The sensor 141 may detect movement of the body 110 in two-axis directions, for example, in the x-axis and y-axis directions by the user. The sensor 141 may output a motion detection result, that is, a detection value. The sensor 141 may be a gyro sensor.

The operation control unit 143 may compare the detected value output from the sensor 141 with a set value, and may generate and output a control signal capable of adjusting the position of the damage prevention unit 140 according to the comparison result.

The displacement damping unit 145 may include a motor (not shown) and a position moving means (not shown). The motor of the displacement damping unit 145 may be operated according to a control signal output from the operation control unit 143 to rotate in one direction. The position moving means is connected to the motor, and may adjust the position of the damage prevention unit 140 according to the operation of the motor, for example, the rotation direction and the number of rotations of the motor. At this time, the position moving means may adjust the position of the damage prevention unit 140 in two-axis directions according to the operation of the motor.

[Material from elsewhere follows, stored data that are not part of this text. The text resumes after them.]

lemma abs_Sup_le_if_subset_interval:
  fixes S :: "real set"
  assumes "S \<subseteq> {-B..B}"
  shows "\<bar>Sup S\<bar> \<le> max \<bar>Sup ({}::real set)\<bar> B"
proof (cases "S = {}")
  case False
  then obtain x where x: "x \<in> S" by blast
  have "bdd_above S" using assms by (auto intro!: bdd_aboveI[where M=B])
  then have "-B \<le> Sup S" using cSup_upper[OF x] x assms by fastforce
  moreover have "Sup S \<le> B" using False assms by (auto intro!: cSup_least)
  ultimately show ?thesis by auto
qed simp

lemma bounded_levels_lev_bounds:
  assumes "bounded_levels Z"
  obtains C where "\<And>\<alpha>. \<alpha> \<in> {0..1} \<Longrightarrow> \<bar>lev_lo Z \<alpha>\<bar> \<le> C \<and> \<bar>lev_hi Z \<alpha>\<bar> \<le> C"
proof -
  obtain B where B: "\<And>\<alpha>. \<alpha> \<in> {0..1} \<Longrightarrow> level Z \<alpha> \<subseteq> {-B..B}"
    using assms unfolding bounded_levels_def by blast
  define C where "C = max (max \<bar>Inf ({}::real set)\<bar> \<bar>Sup ({}::real set)\<bar>) B"
  have "\<bar>lev_lo Z \<alpha>\<bar> \<le> C \<and> \<bar>lev_hi Z \<alpha>\<bar> \<le> C" if "\<alpha> \<in> {0..1}" for \<alpha>
  proof
    show "\<bar>lev_lo Z \<alpha>\<bar> \<le> C"
      using abs_Inf_le_if_subset_interval[OF B[OF that]]
      unfolding lev_lo_def C_def by (auto simp: le_max_iff_disj)
    show "\<bar>lev_hi Z \<alpha>\<bar> \<le> C"
      using abs_Sup_le_if_subset_interval[OF B[OF that]]
      unfolding lev_hi_def C_def by (auto simp: le_max_iff_disj)
  qed
  then show thesis using that by blast
qed

lemma level_subset_support_closure:
  assumes "\<alpha> \<in> {0..1}"
  shows "level Z \<alpha> \<subseteq> closure {t. Z t > 0}"
proof (cases "\<alpha> = 0")
  case False
  with assms have "level Z \<alpha> \<subseteq> {t. Z t > 0}" by (auto simp: level_def)
  then show ?thesis using closure_subset by (rule order_trans)
qed (simp add: level_def)

lemma bounded_levels_if_bounded_support:
  assumes "bounded {t. Z t > 0}"
  shows "bounded_levels Z"
proof -
  obtain C where C: "\<And>t. t \<in> closure {t. Z t > 0} \<Longrightarrow> \<bar>t\<bar> \<le> C"
    using assms bounded_closure bounded_iff real_norm_def by metis
  have "level Z \<alpha> \<subseteq> {-C..C}" if "\<alpha> \<in> {0..1}" for \<alpha>
    using C level_subset_support_closure[OF that] by (force simp: abs_le_iff)
  then show ?thesis unfolding bounded_levels_def by blast
qed

lemma fuzzy_number_bounded_levels:
  assumes "fuzzy_number X"
  shows "bounded_levels X"
proof -
  have "compact (closure {t. X t > 0})" using assms unfolding fuzzy_number_def by blast
  then have "bounded {t. X t > 0}"
    using compact_imp_bounded bounded_subset closure_subset by blast
  then show ?thesis by (rule bounded_levels_if_bounded_support)
qed

lemma fsub_positiveD:
  assumes "fsub X Y t > 0"
  obtains \<alpha> where "0 < \<alpha>" "\<alpha> \<le> 1"
    "lev_lo X \<alpha> - lev_hi Y \<alpha> \<le> t" "t \<le> lev_hi X \<alpha> - lev_lo Y \<alpha>"
proof (rule ccontr)
  assume "\<not> thesis"
  then have no_level: "{\<alpha>. 0 < \<alpha> \<and> \<alpha> \<le> 1 \<and>
      lev_lo X \<alpha> - lev_hi Y \<alpha> \<le> t \<and> t \<le> lev_hi X \<alpha> - lev_lo Y \<alpha>} = {}"
    using that by blast
  have "fsub X Y t = 0" unfolding fsub_def no_level by simp
  then show False using assms by simp
qed

lemma bounded_levels_fsub:
  assumes "bounded_levels X" "bounded_levels Y"
  shows "bounded_levels (fsub X Y)"
proof -
  obtain C1 where C1: "\<And>\<alpha>. \<alpha> \<in> {0..1} \<Longrightarrow> \<bar>lev_lo X \<alpha>\<bar> \<le> C1 \<and> \<bar>lev_hi X \<alpha>\<bar> \<le> C1"
    using bounded_levels_lev_bounds[OF assms(1)] by blast
  obtain C2 where C2: "\<And>\<alpha>. \<alpha> \<in> {0..1} \<Longrightarrow> \<bar>lev_lo Y \<alpha>\<bar> \<le> C2 \<and> \<bar>lev_hi Y \<alpha>\<bar> \<le> C2"
    using bounded_levels_lev_bounds[OF assms(2)] by blast
  have "{t. fsub X Y t > 0} \<subseteq> {-(C1 + C2)..C1 + C2}"
  proof
    fix t assume "t \<in> {t. fsub X Y t > 0}"
    then obtain \<alpha> where \<alpha>: "0 < \<alpha>" "\<alpha> \<le> 1"
      and t: "lev_lo X \<alpha> - lev_hi Y \<alpha> \<le> t" "t \<le> lev_hi X \<alpha> - lev_lo Y \<alpha>"
      using fsub_positiveD by blast
    then have "\<alpha> \<in> {0..1}" by simp
    from C1[OF this] C2[OF this] t show "t \<in> {-(C1 + C2)..C1 + C2}" by (auto simp: abs_le_iff)
  qed
  then have "bounded {t. fsub X Y t > 0}" using bounded_closed_interval bounded_subset by blast
  then show ?thesis by (rule bounded_levels_if_bounded_support)
qed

One side of the housing 120 may be coupled to the breakage prevention unit 140 , and the other side may be inserted into the patient's body. The housing 120 is hollow, and the needle 130 may be disposed therein.

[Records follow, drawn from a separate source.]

(* Let $\Gamma$ be a gain operator on $\ell^\infty_+(\mathcal I)$ with $|\mathcal I|<\infty$. The following are equivalent: (a) there exists $\rho\in\mathcal K_\infty$ such that $\Gamma_\rho$ satisfies the $\oplus$-MBI property; (b) there exists a path of strict decay for $\Gamma$.
   Context: Let $\mathcal I$ be a nonempty countable index set; $\ell^\infty_+(\mathcal I)$ is the cone of nonnegative real families $s=(s_i)_{i\in\mathcal I}$ with $\|s\|:=\sup_i|s_i|<\infty$, ordered componentwise; $\mathbf 1$ is the all-ones vector; $\oplus$ is the componentwise maximum. $\mathcal K_\infty$: continuous strictly increasing unbounded $\gamma:\mathbb R_+\to\mathbb R_+$ with $\gamma(0)=0$, acting componentwise. For $\mathcal J\subset\mathcal I$, $s_{|\mathcal J}$ agrees with $s$ on $\mathcal J$ and is $0$ elsewhere. Gain operator: for each $i$ a finite (possibly empty) $\mathcal I_i\subset\mathcal I\setminus\{i\}$; directed graph $\mathcal G$ with vertices $\mathcal I$ and edges $ji$, $j\in\mathcal I_i$; a pointwise equicontinuous family $\gamma_{ij}\in\mathcal K_\infty$ ($ji\in E(\mathcal G)$); functions $\mu_i:\ell^\infty_+(\mathcal I)\to[0,\infty]$ with (M1) some $\xi\in\mathcal K_\infty$ has $\mu_i(0)=0$, $\mu_i(s)\ge\xi(\|s\|)$; (M2) $\mu_i$ monotone; (M3) for each finite $\mathcal J$, $\mu_i$ restricted to vectors vanishing off $\mathcal J$ is finite-valued and continuous; (M4) for each norm-bounded $A$ and $\varepsilon>0$ there is $\delta>0$ with $\sup_i|\mu_i(s_{|\mathcal I_i})-\mu_i(s^0_{|\mathcal I_i})|\le\varepsilon$ whenever $s^0\in A$, $\|s-s^0\|\le\delta$. $\Gamma_i(s):=\mu_i([\gamma_{ij}(s_j)]_{j\in\mathcal I_i})$ (argument zero outside $\mathcal I_i$). $\Gamma_\rho:=(\mathrm{id}+\rho)\circ\Gamma$. A monotone $T$ has the $\oplus$-MBI property if there is $\varphi\in\mathcal K_\infty$ such that for all $s,b$, $s\le b\oplus T(s)$ implies $\|s\|\le\varphi(\|b\|)$. A path of strict decay for $\Gamma$ is a map $\sigma:\mathbb R_+\to\ell^\infty_+(\mathcal I)$ such that: (i) for some $\rho\in\mathcal K_\infty$, $\Gamma_\rho(\sigma(r))\le\sigma(r)$ for all $r\ge0$; (ii) $\varphi_{\min}(r)\mathbf 1\le\sigma(r)\le\varphi_{\max}(r)\mathbf 1$ for some $\varphi_{\min},\varphi_{\max}\in\mathcal K_\infty$; (iii) each $\sigma_i\in\mathcal K_\infty$; (iv) for each compact $K\subset(0,\infty)$ there are $0<l\le L$ with $l|r_1-r_2|\le|\sigma_i^{-1}(r_1)-\sigma_i^{-1}(r_2)|\le L|r_1-r_2|$ for all $r_1,r_2\in K$, $i\in\mathcal I$. *)

theory Defs
  imports "HOL-Analysis.Analysis"
begin

text \<open>The index set is modelled by a finite type 'i (nonempty and countable automatically).
  Elements of the cone are functions s :: 'i => real with s i >= 0 for all i.\<close>

definition pos_cone :: "('i \<Rightarrow> real) set" where
  "pos_cone = {s. \<forall>i. 0 \<le> s i}"

definition supnorm :: "('i::finite \<Rightarrow> real) \<Rightarrow> real" where
  "supnorm s = Max (range (\<lambda>i. \<bar>s i\<bar>))"

definition Kinf :: "(real \<Rightarrow> real) \<Rightarrow> bool" where
  "Kinf g \<longleftrightarrow> continuous_on {0..} g \<and> strict_mono_on {0..} g \<and> g 0 = 0
     \<and> (\<forall>r\<ge>0. 0 \<le> g r) \<and> (\<forall>M. \<exists>r\<ge>0. M < g r)"

definition restr :: "('i \<Rightarrow> real) \<Rightarrow> 'i set \<Rightarrow> ('i \<Rightarrow> real)" where
  "restr s J = (\<lambda>j. if j \<in> J then s j else 0)"

text \<open>Data of a gain operator: neighbour sets Ii, gains gamma i j (edge j -> i, j in Ii i),
  and functions mu i with values in [0,infinity] (modelled as ereal).\<close>
definition gain_operator ::
  "('i::finite \<Rightarrow> 'i set) \<Rightarrow> ('i \<Rightarrow> 'i \<Rightarrow> real \<Rightarrow> real) \<Rightarrow> ('i \<Rightarrow> ('i \<Rightarrow> real) \<Rightarrow> ereal) \<Rightarrow> bool"
where
  "gain_operator Ii gam mu \<longleftrightarrow>
     (\<forall>i. finite (Ii i) \<and> i \<notin> Ii i)
   \<and> (\<forall>i. \<forall>j\<in>Ii i. Kinf (gam i j))
   \<and> (\<forall>r\<ge>0. \<forall>\<epsilon>>0. \<exists>\<delta>>0. \<forall>i. \<forall>j\<in>Ii i. \<forall>r'\<ge>0.
         \<bar>r' - r\<bar> < \<delta> \<longrightarrow> \<bar>gam i j r' - gam i j r\<bar> < \<epsilon>)
   \<and> (\<forall>i. \<forall>s\<in>pos_cone. 0 \<le> mu i s)
   \<comment> \<open>(M1)\<close>
   \<and> (\<exists>\<xi>. Kinf \<xi> \<and> (\<forall>i. mu i (\<lambda>_. 0) = 0 \<and> (\<forall>s\<in>pos_cone. ereal (\<xi> (supnorm s)) \<le> mu i s)))
   \<comment> \<open>(M2)\<close>
   \<and> (\<forall>i. \<forall>s\<in>pos_cone. \<forall>s'\<in>pos_cone. s \<le> s' \<longrightarrow> mu i s \<le> mu i s')
   \<comment> \<open>(M3)\<close>
   \<and> (\<forall>i. \<forall>J. finite J \<longrightarrow>
         (\<forall>s\<in>pos_cone. (\<forall>k. k \<notin> J \<longrightarrow> s k = 0) \<longrightarrow> \<bar>mu i s\<bar> \<noteq> \<infinity>)
       \<and> continuous_on {s\<in>pos_cone. \<forall>k. k \<notin> J \<longrightarrow> s k = 0} (mu i))
   \<comment> \<open>(M4)\<close>
   \<and> (\<forall>A C \<epsilon>. A \<subseteq> pos_cone \<and> (\<forall>s\<in>A. supnorm s \<le> C) \<and> 0 < \<epsilon> \<longrightarrow>
        (\<exists>\<delta>>0. \<forall>s0\<in>A. \<forall>s\<in>pos_cone. supnorm (s - s0) \<le> \<delta> \<longrightarrow>
            (\<forall>i. \<bar>mu i (restr s (Ii i)) - mu i (restr s0 (Ii i))\<bar> \<le> ereal \<epsilon>)))"

definition Gam ::
  "('i \<Rightarrow> 'i set) \<Rightarrow> ('i \<Rightarrow> 'i \<Rightarrow> real \<Rightarrow> real) \<Rightarrow> ('i \<Rightarrow> ('i \<Rightarrow> real) \<Rightarrow> ereal)
     \<Rightarrow> ('i \<Rightarrow> real) \<Rightarrow> ('i \<Rightarrow> real)"
where
  "Gam Ii gam mu s = (\<lambda>i. real_of_ereal (mu i (\<lambda>j. if j \<in> Ii i then gam i j (s j) else 0)))"

definition Gam_rho ::
  "(real \<Rightarrow> real) \<Rightarrow> ('i \<Rightarrow> 'i set) \<Rightarrow> ('i \<Rightarrow> 'i \<Rightarrow> real \<Rightarrow> real) \<Rightarrow> ('i \<Rightarrow> ('i \<Rightarrow> real) \<Rightarrow> ereal)
     \<Rightarrow> ('i \<Rightarrow> real) \<Rightarrow> ('i \<Rightarrow> real)"
where
  "Gam_rho \<rho> Ii gam mu s = (\<lambda>i. Gam Ii gam mu s i + \<rho> (Gam Ii gam mu s i))"

text \<open>oplus-MBI property (componentwise maximum b oplus T s = sup b (T s))\<close>
definition max_MBI :: "(('i::finite \<Rightarrow> real) \<Rightarrow> ('i \<Rightarrow> real)) \<Rightarrow> bool" where
  "max_MBI T \<longleftrightarrow> (\<exists>\<phi>. Kinf \<phi> \<and> (\<forall>s\<in>pos_cone. \<forall>b\<in>pos_cone.
       s \<le> (\<lambda>i. max (b i) (T s i)) \<longrightarrow> supnorm s \<le> \<phi> (supnorm b)))"

definition path_strict_decay ::
  "('i::finite \<Rightarrow> 'i set) \<Rightarrow> ('i \<Rightarrow> 'i \<Rightarrow> real \<Rightarrow> real) \<Rightarrow> ('i \<Rightarrow> ('i \<Rightarrow> real) \<Rightarrow> ereal)
     \<Rightarrow> (real \<Rightarrow> ('i \<Rightarrow> real)) \<Rightarrow> bool"
where
  "path_strict_decay Ii gam mu \<sigma> \<longleftrightarrow>
     (\<forall>r\<ge>0. \<sigma> r \<in> pos_cone)
   \<and> (\<exists>\<rho>. Kinf \<rho> \<and> (\<forall>r\<ge>0. Gam_rho \<rho> Ii gam mu (\<sigma> r) \<le> \<sigma> r))
   \<and> (\<exists>\<phi>min \<phi>max. Kinf \<phi>min \<and> Kinf \<phi>max \<and>
        (\<forall>r\<ge>0. \<forall>i. \<phi>min r \<le> \<sigma> r i \<and> \<sigma> r i \<le> \<phi>max r))
   \<and> (\<forall>i. Kinf (\<lambda>r. \<sigma> r i))
   \<and> (\<forall>K. compact K \<and> K \<subseteq> {0<..} \<longrightarrow>
        (\<exists>l L. 0 < l \<and> l \<le> L \<and> (\<forall>r1\<in>K. \<forall>r2\<in>K. \<forall>i.
           l * \<bar>r1 - r2\<bar> \<le> \<bar>inv_into {0..} (\<lambda>r. \<sigma> r i) r1 - inv_into {0..} (\<lambda>r. \<sigma> r i) r2\<bar>
         \<and> \<bar>inv_into {0..} (\<lambda>r. \<sigma> r i) r1 - inv_into {0..} (\<lambda>r. \<sigma> r i) r2\<bar> \<le> L * \<bar>r1 - r2\<bar>)))"

end

theory Submission
  imports Defs
begin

In addition, a camera disposed inside the other end of the housing 120 may photograph a lesion in the patient's body. The camera may transmit the captured image to the display device 150 through the cable 160 .

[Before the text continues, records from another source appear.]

(* Let $F$ be an unsatisfiable CNF formula over variables $X \cup Y \cup Z$ (pairwise disjoint), $X=\{x_1,\ldots,x_n\}$, such that for every truth assignment to $X \cup Y$ the values of the variables in $Z$ are obtained from it by unit propagation in $F$. Let $c_X(F) = \{\gamma \vee \neg a \vee \neg b \mid \gamma \in F\} \cup \{\neg x_i \vee v_i \mid 1\le i\le n\} \cup \{x_i \vee v_i \mid 1\le i\le n\} \cup \{\neg v_1 \vee \cdots \vee \neg v_n \vee a\} \cup \{\neg v_1 \vee \cdots \vee \neg v_n \vee b\}$, where $a,b,v_1,\ldots,v_n$ are new variables. Then, with branching restricted to the variables in $X \cup Y$, there exists a minimum-size DPLL-Mono search tree of $c_X(F)$ consisting of a complete tree over $X$ (every path from the root to an empty subtree contains exactly one node labelled by each variable of $X$) in which every empty subtree is replaced by a tree whose nodes are labelled by variables of $Y$.
   Context: A CNF formula is a finite set of clauses; the empty clause is unsatisfiable. For a partial assignment $I$ (set of literals), $F|I$ is obtained by deleting clauses containing a literal true under $I$ and deleting false literals from remaining clauses. $Var(F)$ is the set of variables of $F$. A binary tree is empty $()$ or a triple $(x~T_1~T_2)$; its size is its number of nodes. $U(F)$ denotes the result of exhaustively applying unit propagation to $F$ (a unit clause $l$ forces the restriction by $\{l\}$). For a set $B$ of variables, a DPLL-Mono search tree (DMST) of $F$ with branching restricted to $B$ is: $()$ if $U(F)$ contains the empty clause; otherwise $(x~T_1~T_2)$ with $x \in B \cap Var(U(F))$, $T_1$ a DMST of $U(F|\{\neg x\})$ and $T_2$ a DMST of $U(F|\{x\})$, both with branching restricted to $B$. *)

theory Defs
  imports Main
begin

datatype 'a lit = Pos 'a | Neg 'a

fun var :: "'a lit \<Rightarrow> 'a" where
  "var (Pos x) = x" | "var (Neg x) = x"

fun comp :: "'a lit \<Rightarrow> 'a lit" where
  "comp (Pos x) = Neg x" | "comp (Neg x) = Pos x"

type_synonym 'a clause = "'a lit set"
type_synonym 'a cnf = "'a clause set"

fun lit_true :: "('a \<Rightarrow> bool) \<Rightarrow> 'a lit \<Rightarrow> bool" where
  "lit_true \<alpha> (Pos x) = \<alpha> x" | "lit_true \<alpha> (Neg x) = (\<not> \<alpha> x)"

definition satisfiable :: "'a cnf \<Rightarrow> bool" where
  "satisfiable F \<longleftrightarrow> (\<exists>\<alpha>. \<forall>C\<in>F. \<exists>l\<in>C. lit_true \<alpha> l)"

definition Var :: "'a cnf \<Rightarrow> 'a set" where
  "Var F = var ` (\<Union>F)"

definition restrict :: "'a cnf \<Rightarrow> 'a lit set \<Rightarrow> 'a cnf" where
  "restrict F I = {C - comp ` I | C. C \<in> F \<and> C \<inter> I = {}}"

definition assign_lits :: "('a \<Rightarrow> bool) \<Rightarrow> 'a set \<Rightarrow> 'a lit set" where
  "assign_lits \<alpha> S = {Pos x | x. x \<in> S \<and> \<alpha> x} \<union> {Neg x | x. x \<in> S \<and> \<not> \<alpha> x}"

definition up_step :: "'a cnf \<Rightarrow> 'a cnf" where
  "up_step F = (if {} \<in> F \<or> \<not> (\<exists>l. {l} \<in> F) then F
                else restrict F {SOME l. {l} \<in> F})"

text \<open>U(F): exhaustive unit propagation. Every effective step removes at least one
  variable, so card (Var F) + 1 iterations reach the fixpoint for finite F.\<close>
definition U :: "'a cnf \<Rightarrow> 'a cnf" where
  "U F = (up_step ^^ Suc (card (Var F))) F"

inductive up_lit :: "'a cnf \<Rightarrow> 'a lit \<Rightarrow> bool" for F where
  "C \<in> F \<Longrightarrow> l \<in> C \<Longrightarrow> (\<forall>l'\<in>C - {l}. up_lit F (comp l')) \<Longrightarrow> up_lit F l"

datatype 'a btree = E | N 'a "'a btree" "'a btree"

fun tsize :: "'a btree \<Rightarrow> nat" where
  "tsize E = 0" | "tsize (N x l r) = Suc (tsize l + tsize r)"

fun labels :: "'a btree \<Rightarrow> 'a set" where
  "labels E = {}" | "labels (N x l r) = insert x (labels l \<union> labels r)"

inductive is_dmst :: "'a set \<Rightarrow> 'a cnf \<Rightarrow> 'a btree \<Rightarrow> bool" where
  dmst_E: "{} \<in> U F \<Longrightarrow> is_dmst B F E"
| dmst_N: "{} \<notin> U F \<Longrightarrow> x \<in> B \<inter> Var (U F) \<Longrightarrow>
           is_dmst B (U (restrict (U F) {Neg x})) T1 \<Longrightarrow>
           is_dmst B (U (restrict (U F) {Pos x})) T2 \<Longrightarrow>
           is_dmst B F (N x T1 T2)"

definition min_dmst :: "'a set \<Rightarrow> 'a cnf \<Rightarrow> 'a btree \<Rightarrow> bool" where
  "min_dmst B F T \<longleftrightarrow> is_dmst B F T \<and> (\<forall>T'. is_dmst B F T' \<longrightarrow> tsize T \<le> tsize T')"

inductive complete_then :: "'a set \<Rightarrow> 'a set \<Rightarrow> 'a btree \<Rightarrow> bool" where
  ct_base: "labels T \<subseteq> Y \<Longrightarrow> complete_then {} Y T"
| ct_node: "x \<in> X \<Longrightarrow> complete_then (X - {x}) Y T1 \<Longrightarrow> complete_then (X - {x}) Y T2 \<Longrightarrow>
            complete_then X Y (N x T1 T2)"

datatype 'a ext = Old 'a | A | B | V nat

fun map_lit :: "('a \<Rightarrow> 'b) \<Rightarrow> 'a lit \<Rightarrow> 'b lit" where
  "map_lit f (Pos x) = Pos (f x)" | "map_lit f (Neg x) = Neg (f x)"

text \<open>X = {xv 1, ..., xv n}; fresh variables a = A, b = B, v_i = V i.\<close>
definition cX :: "'a cnf \<Rightarrow> nat \<Rightarrow> (nat \<Rightarrow> 'a) \<Rightarrow> 'a ext cnf" where
  "cX F n xv =
     {map_lit Old ` \<gamma> \<union> {Neg A, Neg B} | \<gamma>. \<gamma> \<in> F}
   \<union> {{Neg (Old (xv i)), Pos (V i)} | i. i \<in> {1..n}}
   \<union> {{Pos (Old (xv i)), Pos (V i)} | i. i \<in> {1..n}}
   \<union> {insert (Pos A) {Neg (V i) | i. i \<in> {1..n}}}
   \<union> {insert (Pos B) {Neg (V i) | i. i \<in> {1..n}}}"

end

theory Submission
  imports Defs
begin

(*
  Write H for c_X(F) and restrict it by consistent partial assignments J to X \<union> Y. While some
  x_i \<in> X is unassigned, unit propagation in H|J derives nothing but the v_j of assigned x_j,
  so H|J is not refuted and x_i survives in U(H|J) through the clause \<not>x_i \<or> v_i. Once X is
  assigned, a and b are derived and U(H|J) consists of residues of clauses of F; if no variable
  of X \<union> Y survived, the derived literals would fix Z by the hypothesis on F and satisfy F.
  Hence search trees exist. Compare them with the complete tree over the unassigned part of X
  carrying minimum trees at its leaves: by induction on a search tree, a root labelled in X can
  be moved to the top of the complete tree, and a root labelled y \<in> Y costs at least as much,
  because m(J) \<le> 1 + m(J,\<not>y) + m(J,y) for the minimum size m at every leaf. The complete
  tree is itself a search tree, hence a minimum one.
*)

definition consistent :: "'a lit set \<Rightarrow> bool" where
  "consistent K \<longleftrightarrow> (\<forall>l\<in>K. comp l \<notin> K)"

lemma comp_comp [simp]: "comp (comp l) = l"
  by (cases l) auto

lemma var_comp [simp]: "var (comp l) = var l"
  by (cases l) auto

lemma comp_neq [simp]: "comp l \<noteq> l"
  by (cases l) auto

lemma comp_in_comp_image [simp]: "comp l \<in> comp ` K \<longleftrightarrow> l \<in> K"
  by (metis comp_comp image_iff)

lemma in_comp_image_iff: "k \<in> comp ` K \<longleftrightarrow> comp k \<in> K"
  by (metis comp_comp comp_in_comp_image)

lemma var_eq_iff: "var l = var k \<longleftrightarrow> l = k \<or> l = comp k"
  by (cases l; cases k) auto

lemma var_eq_conv: "var l = x \<longleftrightarrow> l = Pos x \<or> l = Neg x"
  by (cases l) auto

lemma notin_if_var_notin: "var l \<notin> var ` K \<Longrightarrow> l \<notin> K \<and> comp l \<notin> K"
  by (metis image_eqI var_comp)

lemma consistent_insert:
  "consistent K \<Longrightarrow> var l \<notin> var ` K \<Longrightarrow> consistent (insert l K)"
  unfolding consistent_def using notin_if_var_notin[of l K] by (force simp: var_eq_iff)

lemma consistent_Un:
  "consistent K \<Longrightarrow> consistent L \<Longrightarrow> var ` K \<inter> var ` L = {} \<Longrightarrow> consistent (K \<union> L)"
  unfolding consistent_def by (metis UnE disjoint_iff image_eqI var_comp)

lemma lit_true_comp [simp]: "lit_true \<alpha> (comp k) \<longleftrightarrow> \<not> lit_true \<alpha> k"
  by (cases k) auto

lemma mem_assign_lits: "k \<in> assign_lits \<alpha> S \<longleftrightarrow> var k \<in> S \<and> lit_true \<alpha> k"
  by (cases k) (auto simp: assign_lits_def)

definition finite_cnf :: "'a cnf \<Rightarrow> bool" where
  "finite_cnf G \<longleftrightarrow> finite G \<and> (\<forall>C\<in>G. finite C)"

The needle 130 may be disposed inside the housing 120 . A needle tip 135 may be configured on one side of the needle 130, and the needle tip 135 is external from the other end of the housing 120 according to the operation of the body 110 by the user, that is, the patient's body. can be exposed as The exposed needle tip 135 may be adjacent to or in contact with the lesion.

The needle 130 may be formed of an optical fiber for photodynamic treatment of a lesion of a patient. The needle 130 may emit light of a predetermined wavelength through the needle tip 135 according to the operating power applied from the body 110 . Light emitted from the needle tip 135 may be irradiated to the lesion in contact with it.

Therefore, the user can proceed with the photodynamic treatment of the patient through the needle tip 135 for irradiating light in contact with the lesion of the patient. After the photodynamic treatment is completed, the needle tip 135 may return to its original position according to the operation of the body 110 by the user, that is, to the inside of the housing 120 .

On the other hand, during the treatment of a patient's lesion using the needle tip 135, the main body 110 moves in an unintended direction due to an external force or a user's manipulation error. At this time, a force is applied to the needle tip 135 in the opposite direction to the movement of the body 110 to be bent. And, when the bending of the needle tip 135 deviates from a certain level, the needle tip 135 is broken and broken, which may reduce the patient's surgical stability and cause a risk.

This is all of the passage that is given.